> **ASSIGNMENT**
Which lines hold the string "thesis"? Copy each of them from the material below.

━━━━━ MATERIAL PROVIDED ━━━━━

lemma del_leaves_ins:
  fixes t :: "'a::linorder btree"
  assumes "1 \<le> m" "well_sized m t" "balanced t d" "1 \<le> d" "sorted_wrt (<) (inorder t)" "x \<notin> set (inorder t)"
    and "length (bkeys t) \<le> 2 * m"
  shows "del_leaves_up (ins m x t) =
    (case leaf_median m x t of None \<Rightarrow> Ok (del_leaves t) | Some K \<Rightarrow> ins m K (del_leaves t))"
  using assms(2-)
proof (induction t arbitrary: d)
  case (Node ks ts)
  have ne: "ts \<noteq> []" using Node.prems(2,3) by (auto split: if_splits)
  define i where "i = length (filter (\<lambda>k. k < x) ks)"
  note descend = Node_descend[OF Node.prems(1) ne Node.prems(4,5), folded i_def]
  have len: "length ts = Suc (length ks)" using Node.prems(1) ne by simp
  have child: "ts ! i \<in> set ts" using descend(1) by simp
  have children: "\<forall>t\<in>set ts. balanced t (d - 1) \<and> well_sized m t \<and> length (bkeys t) \<le> 2 * m"
    using Node.prems(1,2) ne by (auto simp: list_all_iff)
  have slots: "\<forall>K. leaf_median m x (ts ! i) = Some K \<longrightarrow> in_slot ks i K"
    using in_slot_leaf_median[OF Node.prems(1) ne Node.prems(4,5)] descend(6) i_def by simp
  have "del_leaves_up (ins_parent m ks ts i (ins m x (ts ! i))) = (case leaf_median m x (ts ! i) of
      None \<Rightarrow> Ok (del_leaves (Node ks ts)) | Some K \<Rightarrow> ins m K (del_leaves (Node ks ts)))"
  proof (cases "d = 1")
    case True
    then have "\<forall>t\<in>set ts. kids t = []" using children balanced_kids by fastforce
    moreover from this have "kids (ts ! i) = []" using child by blast
    ultimately show ?thesis using slots by (rule del_leaves_ins_parent_leaf)
  next
    case False
    then have d: "1 \<le> d - 1" using Node.prems(3) by simp
    have "up_invar m (d - 1) (insort x (inorder (ts ! i))) (length (bkeys (ts ! i))) (ins m x (ts ! i))"
      using up_invar_ins[OF assms(1)] children child descend(3,4) by blast
    then have "up_balanced (ins m x (ts ! i)) (d - 1)"
      by (auto simp: up_invar_def up_balanced_def split: up.splits)
    moreover have "del_leaves_up (ins m x (ts ! i)) = (case leaf_median m x (ts ! i) of
        None \<Rightarrow> Ok (del_leaves (ts ! i)) | Some K \<Rightarrow> ins m K (del_leaves (ts ! i)))"
      using Node.IH[OF child, of "d - 1"] children child d descend(3,4) by simp
    ultimately show ?thesis
      using del_leaves_ins_parent_inner[OF len descend(1) _ _ d _ slots] children by simp
  qed
  then show ?case using descend(5,6) by simp
qed

lemma leaf_median_fresh:
  fixes t :: "'a::linorder btree"
  assumes "well_sized m t" "balanced t d" "1 \<le> d" "sorted_wrt (<) (inorder t)" "x \<notin> set (inorder t)"
    and "leaf_median m x t = Some K"
  shows "K \<notin> keyset (del_leaves t)"
  using assms
proof (induction t arbitrary: d)
  case (Node ks ts)
  have ne: "ts \<noteq> []" using Node.prems(2,3) by (auto split: if_splits)
  define i where "i = length (filter (\<lambda>k. k < x) ks)"
  note descend = Node_descend[OF Node.prems(1) ne Node.prems(4,5), folded i_def]
  have median: "leaf_median m x (ts ! i) = Some K" using descend(6) Node.prems(6) by simp
  have slot: "in_slot ks i K"
    using in_slot_leaf_median[OF Node.prems(1) ne Node.prems(4,5,6)] i_def by simp
  have siblings: "K \<notin> keyset (ts ! j)" if "j < length ts" "j \<noteq> i" for j
    using in_slot_notin_sibling[OF Node.prems(1) ne Node.prems(4) slot descend(1) that] .
  have children: "\<forall>t\<in>set ts. balanced t (d - 1) \<and> well_sized m t"
    using Node.prems(1,2) ne by (auto simp: list_all_iff)
  show ?case
  proof (cases "d = 1")
    case True
    then have "\<forall>t\<in>set ts. kids t = []" using children balanced_kids by fastforce
    then show ?thesis using in_slot_notin[OF slot] by (simp add: list_all_iff)
  next
    case False
    then have d: "1 \<le> d - 1" using Node.prems(3) by simp
    have target: "K \<notin> keyset (del_leaves (ts ! i))"
      using Node.IH[of "ts ! i" "d - 1"] children d median descend by simp
    have "K \<notin> keyset (del_leaves t)" if t: "t \<in> set ts" for t
    proof -
      obtain j where j: "j < length ts" "t = ts ! j" using t by (auto simp: in_set_conv_nth)
      show ?thesis
      proof (cases "j = i")
        case False
        then show ?thesis using siblings[OF j(1) False] keyset_del_leaves[of t] j(2) by blast
      qed (use target j in simp)
    qed
    moreover have "\<forall>t\<in>set ts. kids t \<noteq> []" using children d balanced_kids by fastforce
    then have "del_leaves (Node ks ts) = Node ks (map del_leaves ts)"
      using ne by (rule del_leaves_Node_inner[rotated])
    ultimately show ?thesis using in_slot_notin[OF slot] by simp
  qed
qed

lemma del_leaves_binsert:
  assumes "1 \<le> m" "btree_invar m t d" "1 \<le> d" "x \<notin> set (inorder t)"
  shows "del_leaves (binsert m x t) =
    (case leaf_median m x t of None \<Rightarrow> del_leaves t | Some K \<Rightarrow> binsert m K (del_leaves t))"
proof -
  have invar: "well_sized m t" "balanced t d" "sorted_wrt (<) (inorder t)" "length (bkeys t) \<le> 2 * m"
    using assms(2) by (auto simp: btree_invar_def)
  have del_ins: "del_leaves_up (ins m x t) =
      (case leaf_median m x t of None \<Rightarrow> Ok (del_leaves t) | Some K \<Rightarrow> ins m K (del_leaves t))"
    using del_leaves_ins[OF assms(1) invar(1,2) assms(3) invar(3) assms(4) invar(4)] .
  have "up_invar m d (insort x (inorder t)) (length (bkeys t)) (ins m x t)"
    using up_invar_ins[OF assms(1) invar(1-3) assms(4) invar(4)] .
  then have new_root: "del_leaves (Node [k] [l, r]) = Node [k] [del_leaves l, del_leaves r]"
    if "ins m x t = Split l k r" for l k r
    using that assms(3) balanced_kids[of l d] balanced_kids[of r d] by (auto simp: up_invar_def)
  show ?thesis
  proof (cases "ins m x t")
    case (Ok t')
    then show ?thesis
      using del_ins by (auto simp: binsert_def del_leaves_up_def split: option.splits up.splits)
  next
    case (Split l k r)
    then show ?thesis using del_ins new_root[OF Split]
      by (auto simp: binsert_def del_leaves_up_def split: option.splits up.splits)
  qed
qed

text \<open>
  \<open>Ks\<close> is the sequence of medians pushed out of leaves so far: none while \<open>t\<close> is a single leaf, and
  afterwards the tree without the leaves of \<open>t\<close> is built from them.
\<close>

definition upper_tree :: "nat \<Rightarrow> 'a::linorder btree \<Rightarrow> 'a list \<Rightarrow> bool" where
  "upper_tree m t Ks \<longleftrightarrow>
     (if Ks = [] then kids t = [] else kids t \<noteq> [] \<and> del_leaves t = build m Ks \<and> distinct Ks)"

lemma upper_tree_binsert_leaf:
  assumes "kids t = []"
  shows "upper_tree m (binsert m x t) (case leaf_median m x t of None \<Rightarrow> [] | Some K \<Rightarrow> [K])"
proof -
  obtain ks where "t = Node ks []" using assms by (cases t) simp
  then show ?thesis by (auto simp: upper_tree_def binsert_def split_node_def length_insort build_singleton)
qed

━━━━━

> **SOLVED EXERCISE**
    ultimately show ?thesis using slots by (rule del_leaves_ins_parent_leaf)
    ultimately show ?thesis
    then show ?thesis using in_slot_notin[OF slot] by (simp add: list_all_iff)
      show ?thesis
        then show ?thesis using siblings[OF j(1) False] keyset_del_leaves[of t] j(2) by blast
    ultimately show ?thesis using in_slot_notin[OF slot] by simp
  show ?thesis
    then show ?thesis
    then show ?thesis using del_ins new_root[OF Split]
  then show ?thesis by (auto simp: upper_tree_def binsert_def split_node_def length_insort build_singleton)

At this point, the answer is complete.